Dillon Carew

Personal information
- Nationality: Guyanese
- Born: 15 September 1970 (age 54) Georgetown, Guyana
- Height: 176 cm (5 ft 9 in)
- Weight: 63 kg (139 lb)

Sport
- Country: Guyana
- Sport: Boxing

= Dillon Carew =

Guyanese boxer (born 1970)

Dillon Carew (born 15 September 1970) is a Guyanese former professional boxer who competed from 1992 to 2007. As an amateur, he represented his country in the light-welterweight division at the 1992 Summer Olympics. He won his first bout against Rafael Romero of the Dominican Republic, and then lost his second bout to Mark Leduc of Canada.

== Professional Boxing ==
Dillon's first competitive outing was the under-16 championship in 1984.
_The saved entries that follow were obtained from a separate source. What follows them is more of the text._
definition color_count :: "ivl set \<Rightarrow> (ivl \<Rightarrow> nat) \<Rightarrow> nat \<Rightarrow> real \<Rightarrow> nat" where
  "color_count I \<chi> i x = card {J \<in> I. \<chi> J = i \<and> fst J \<le> x \<and> x \<le> snd J}"

definition balanced_coloring :: "ivl set \<Rightarrow> nat \<Rightarrow> (ivl \<Rightarrow> nat) \<Rightarrow> bool" where
  "balanced_coloring I k \<chi> \<longleftrightarrow>
     (\<forall>J\<in>I. \<chi> J \<in> {1..k}) \<and>
     (\<forall>x::real. \<forall>i\<in>{1..k}. \<forall>j\<in>{1..k}.
        \<bar>int (color_count I \<chi> i x) - int (color_count I \<chi> j x)\<bar> \<le> 1)"

end

theory Submission
  imports Defs
begin

text \<open>
  The net count of colour i in a prefix of the event list is the number of startpoints minus
  the number of endpoints of intervals of colour i among these events. Every constraint consists
  of k distinct elements, so under the hypothesis it contains each colour exactly once.
  Completing a constraint therefore shifts all net counts by the same amount, and at a phase
  change the two new constraints share their virtual part, so trading the active list for the
  y's again moves all net counts in step. Hence the net counts always equal a common value plus
  (start phase) or minus (end phase) the multiplicity of the colour in the active list. Since
  every interval both starts and ends, this forces the final active list to be empty; so every
  active list is a prefix of a constraint, each colour occurs in it at most once, and the net
  counts differ by at most one. As the endpoints are distinct, the colour counts at a point x
  are the net counts of the events up to x if x is a startpoint, and strictly before x otherwise.
\<close>

type_synonym state = "bool \<times> elem list \<times> nat \<times> elem list list"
Carew continued on to a professional boxing career and was crowned national lightweight champion when he defeated Glen Forde. He went undefeated for the first eight fights in his professional career until losing to Moses James on January 11, 1995 in his first overseas professional bout in Quebec, Canada. He became the national junior welterweight champion on February 26, 1995 by winning a 12-round decision over Barrington Cambridge.

He went up against Meldrick Taylor, Ricky Hatton and Diosbelys Hurtado during his 15 year career. He ended with 20 victories, 17 defeats and three draws.

== Post-career ==
His post-fight boxing career includes attending ringside injuries and training boxers since 2006. He trained Wayne Braithwaite and Sonya Lamonakis in Brooklyn, New York.

== Family ==
His brother, Gordon Carew, also represented Guyana in lightweight-division boxing at the 1984 Summer Olympics.

Carew and his wife Genese live in Connecticut. He has four sons, two of which are from a previous marriage.